EXERCISE MATERIALS below:

(* Let $(Y,\lambda)\in\{-1,1\}\times\{-1,1\}^m$ follow the Ising model $$P(Y,\lambda)=\frac1Z\exp\Big(\theta_Y Y+\sum_i\theta_i\lambda_iY+\sum_{(i,j)\in E_\lambda}\theta_{ij}\lambda_i\lambda_j\Big),$$ with all canonical parameters positive. Here $E_\lambda$ is a set of $|E_\lambda|=d$ unordered pairs of distinct sources, each source in at most one pair. For a source $i$ that belongs to some pair in $E_\lambda$, $$\bar a_i-a_i\in\Big[\frac{\varepsilon_{\min}b_{\min}}{m-1}-\frac{(d-1)\varepsilon_{\max}}{(m-1)(m-2)b_{\min}^2a_{\min}^2},\ \frac{\varepsilon_{\max}}{(m-1)b_{\min}a_{\min}}\Big].$$ For a source $i$ that belongs to no pair in $E_\lambda$, $$\bar a_i-a_i\in\Big[\frac{-d\varepsilon_{\max}}{(m-1)(m-2)b_{\min}^2a_{\min}^2},\ \frac{-d\varepsilon_{\min}b_{\min}^2}{(m-1)(m-2)}\Big].$$
   Context: Accuracies. - $a_i=\mathbb E[\lambda_iY]$ and $a_{\min}=\min_ia_i$. - $\bar a_i=\mathbb E_{\{j,k\}}\Big[\sqrt{\mathbb E[\lambda_i\lambda_j]\mathbb E[\lambda_i\lambda_k]/\mathbb E[\lambda_j\lambda_k]}\Big]$, where the unordered pair $\{j,k\}\subset[m]\setminus\{i\}$ is uniformly random. - $b_{\min}$ is a number at most $\min_{i\ne j}\mathbb E[\lambda_i\lambda_j]$. The paper defines it as the minimum over all pairs of both the population pairwise moments $\mathbb E[\lambda_i\lambda_j]$ and their empirical counterparts. Misspecification. For $(i,j)\in E_\lambda$, $\varepsilon_{ij}=\mathbb E[\lambda_i\lambda_j]-\mathbb E[\lambda_iY]\mathbb E[\lambda_jY]$, with $0<\varepsilon_{\min}\le\varepsilon_{ij}\le\varepsilon_{\max}$ for all $(i,j)\in E_\lambda$. *)

theory Defs
  imports Complex_Main "HOL-Library.FuncSet"
begin

text \<open>Unordered pairs of sources
  (edges of E_lambda) are two-element sets of indices.\<close>

definition ising_space :: "nat \<Rightarrow> (real \<times> (nat \<Rightarrow> real)) set" where
  "ising_space m = {-1, 1} \<times> ({0..<m} \<rightarrow>\<^sub>E {-1, 1})"

definition ising_energy ::
  "nat \<Rightarrow> real \<Rightarrow> (nat \<Rightarrow> real) \<Rightarrow> (nat set \<Rightarrow> real) \<Rightarrow> nat set set
     \<Rightarrow> real \<times> (nat \<Rightarrow> real) \<Rightarrow> real" where
  "ising_energy m thY th thE E w =
     thY * fst w + (\<Sum>i<m. th i * snd w i * fst w) + (\<Sum>e\<in>E. thE e * (\<Prod>k\<in>e. snd w k))"

definition ising_expect ::
  "nat \<Rightarrow> real \<Rightarrow> (nat \<Rightarrow> real) \<Rightarrow> (nat set \<Rightarrow> real) \<Rightarrow> nat set set
     \<Rightarrow> (real \<times> (nat \<Rightarrow> real) \<Rightarrow> real) \<Rightarrow> real" where
  "ising_expect m thY th thE E f =
     (\<Sum>w\<in>ising_space m. exp (ising_energy m thY th thE E w) * f w)
     / (\<Sum>w\<in>ising_space m. exp (ising_energy m thY th thE E w))"

definition ising_acc ::
  "nat \<Rightarrow> real \<Rightarrow> (nat \<Rightarrow> real) \<Rightarrow> (nat set \<Rightarrow> real) \<Rightarrow> nat set set \<Rightarrow> nat \<Rightarrow> real" where
  "ising_acc m thY th thE E i = ising_expect m thY th thE E (\<lambda>w. snd w i * fst w)"

definition ising_mom ::
  "nat \<Rightarrow> real \<Rightarrow> (nat \<Rightarrow> real) \<Rightarrow> (nat set \<Rightarrow> real) \<Rightarrow> nat set set \<Rightarrow> nat \<Rightarrow> nat \<Rightarrow> real" where
  "ising_mom m thY th thE E i j = ising_expect m thY th thE E (\<lambda>w. snd w i * snd w j)"

definition ising_amin ::
  "nat \<Rightarrow> real \<Rightarrow> (nat \<Rightarrow> real) \<Rightarrow> (nat set \<Rightarrow> real) \<Rightarrow> nat set set \<Rightarrow> real" where
  "ising_amin m thY th thE E = Min (ising_acc m thY th thE E ` {0..<m})"

text \<open>Unordered pairs {j,k} of [m] - {i}, each represented once as (j,k) with j < k.\<close>
definition other_pairs :: "nat \<Rightarrow> nat \<Rightarrow> (nat \<times> nat) set" where
  "other_pairs m i = {(j, k). j < k \<and> k < m \<and> j \<noteq> i \<and> k \<noteq> i}"

definition ising_abar ::
  "nat \<Rightarrow> real \<Rightarrow> (nat \<Rightarrow> real) \<Rightarrow> (nat set \<Rightarrow> real) \<Rightarrow> nat set set \<Rightarrow> nat \<Rightarrow> real" where
  "ising_abar m thY th thE E i =
     (\<Sum>(j, k)\<in>other_pairs m i.
        sqrt (ising_mom m thY th thE E i j * ising_mom m thY th thE E i k
              / ising_mom m thY th thE E j k))
     / real (card (other_pairs m i))"

end

theory Submission
  imports Defs
begin

text \<open>
  Take two independent copies (Y, lambda) and (Y', lambda') of the model and exchange
  Y lambda_x with Y' lambda'_x for every source x outside the E-component of j.  This preserves
  the joint weight and turns lambda_j lambda_k into (lambda_j Y) (lambda'_k Y'), so
  E[lambda_j lambda_k] = a_j a_k whenever {j, k} is not an edge.  Hence the triplet estimate
  sqrt (E[lambda_i lambda_j] E[lambda_i lambda_k] / E[lambda_j lambda_k]) averaged in abar_i is
  exactly a_i, except on the pairs {j, k} in E, where it is a_i sqrt (a_j a_k / (a_j a_k + eps_jk)),
  and on the m - 2 pairs containing the partner p of i, where it is
  a_i sqrt ((a_i a_p + eps_ip) / (a_i a_p)).  Elementary bounds on these square roots, based on
  bmin <= a_j <= 1, together with the count (m - 1) (m - 2) / 2 of all pairs give the estimates.
  The accuracies are positive because the contributions to E[lambda_i Y] of a configuration and
  of its images under flipping lambda_i (and lambda_p) add up to a positive number.
\<close>

type_synonym config = "real \<times> (nat \<Rightarrow> real)"

lemma ising_space_finite: "finite (ising_space m)"
  unfolding ising_space_def by (auto intro!: finite_PiE)

lemma ising_space_nonempty: "ising_space m \<noteq> {}"
  unfolding ising_space_def by (auto simp: PiE_eq_empty_iff)

lemma ising_space_label: "w \<in> ising_space m \<Longrightarrow> fst w \<in> {-1, 1}"
  unfolding ising_space_def by auto

lemma ising_space_source: "w \<in> ising_space m \<Longrightarrow> i < m \<Longrightarrow> snd w i \<in> {-1, 1}"
  unfolding ising_space_def by auto

lemma ising_partition_pos: "0 < (\<Sum>w\<in>ising_space m. exp (ising_energy m thY th thE E w))"
  by (intro sum_pos ising_space_finite ising_space_nonempty) auto

lemma ising_expect_pos:
  "0 < (\<Sum>w\<in>ising_space m. exp (ising_energy m thY th thE E w) * f w) \<Longrightarrow>
   0 < ising_expect m thY th thE E f"
  unfolding ising_expect_def using ising_partition_pos by simp

lemma ising_expect_le_1:
  assumes "\<forall>w\<in>ising_space m. f w \<le> 1"
  shows "ising_expect m thY th thE E f \<le> 1"
proof -
  have "(\<Sum>w\<in>ising_space m. exp (ising_energy m thY th thE E w) * f w)
      \<le> (\<Sum>w\<in>ising_space m. exp (ising_energy m thY th thE E w))"
    using assms by (intro sum_mono) (simp add: mult_le_cancel_left1)
  then show ?thesis
    unfolding ising_expect_def using ising_partition_pos by (simp add: pos_divide_le_eq)
qed

section \<open>Factorization of pairwise moments\<close>

(* Rescaling by Y Y' exchanges the products lambda_x Y, x in R, between the two copies. *)
definition exchange_on :: "nat set \<Rightarrow> config \<times> config \<Rightarrow> config \<times> config" where
  "exchange_on R = (\<lambda>((Y, l), (Y', l')).
     ((Y, \<lambda>x. if x \<in> R then Y * Y' * l' x else l x), (Y', \<lambda>x. if x \<in> R then Y * Y' * l x else l' x)))"

lemma exchange_on_in_space:
  assumes "R \<subseteq> {0..<m}" and "p \<in> ising_space m \<times> ising_space m"
  shows "exchange_on R p \<in> ising_space m \<times> ising_space m"
  using assms unfolding exchange_on_def ising_space_def
  by (auto simp: PiE_iff extensional_def split: prod.splits)

lemma exchange_on_exchange_on:
  assumes "p \<in> ising_space m \<times> ising_space m"
  shows "exchange_on R (exchange_on R p) = p"
  using assms unfolding exchange_on_def ising_space_def by (auto split: prod.splits)

lemma bij_betw_exchange_on:
  "R \<subseteq> {0..<m} \<Longrightarrow>
   bij_betw (exchange_on R) (ising_space m \<times> ising_space m) (ising_space m \<times> ising_space m)"
  by (rule bij_betw_byWitness[where f' = "exchange_on R"])
    (use exchange_on_exchange_on exchange_on_in_space in blast)+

End of EXERCISE MATERIALS.

• ACTION ITEM:
Using the records above, copy all lines that include the word "auto".

• RESPONSE TO THIS TASK:
  unfolding ising_space_def by (auto intro!: finite_PiE)
  unfolding ising_space_def by (auto simp: PiE_eq_empty_iff)
  unfolding ising_space_def by auto
  unfolding ising_space_def by auto
  by (intro sum_pos ising_space_finite ising_space_nonempty) auto
  by (auto simp: PiE_iff extensional_def split: prod.splits)
  using assms unfolding exchange_on_def ising_space_def by (auto split: prod.splits)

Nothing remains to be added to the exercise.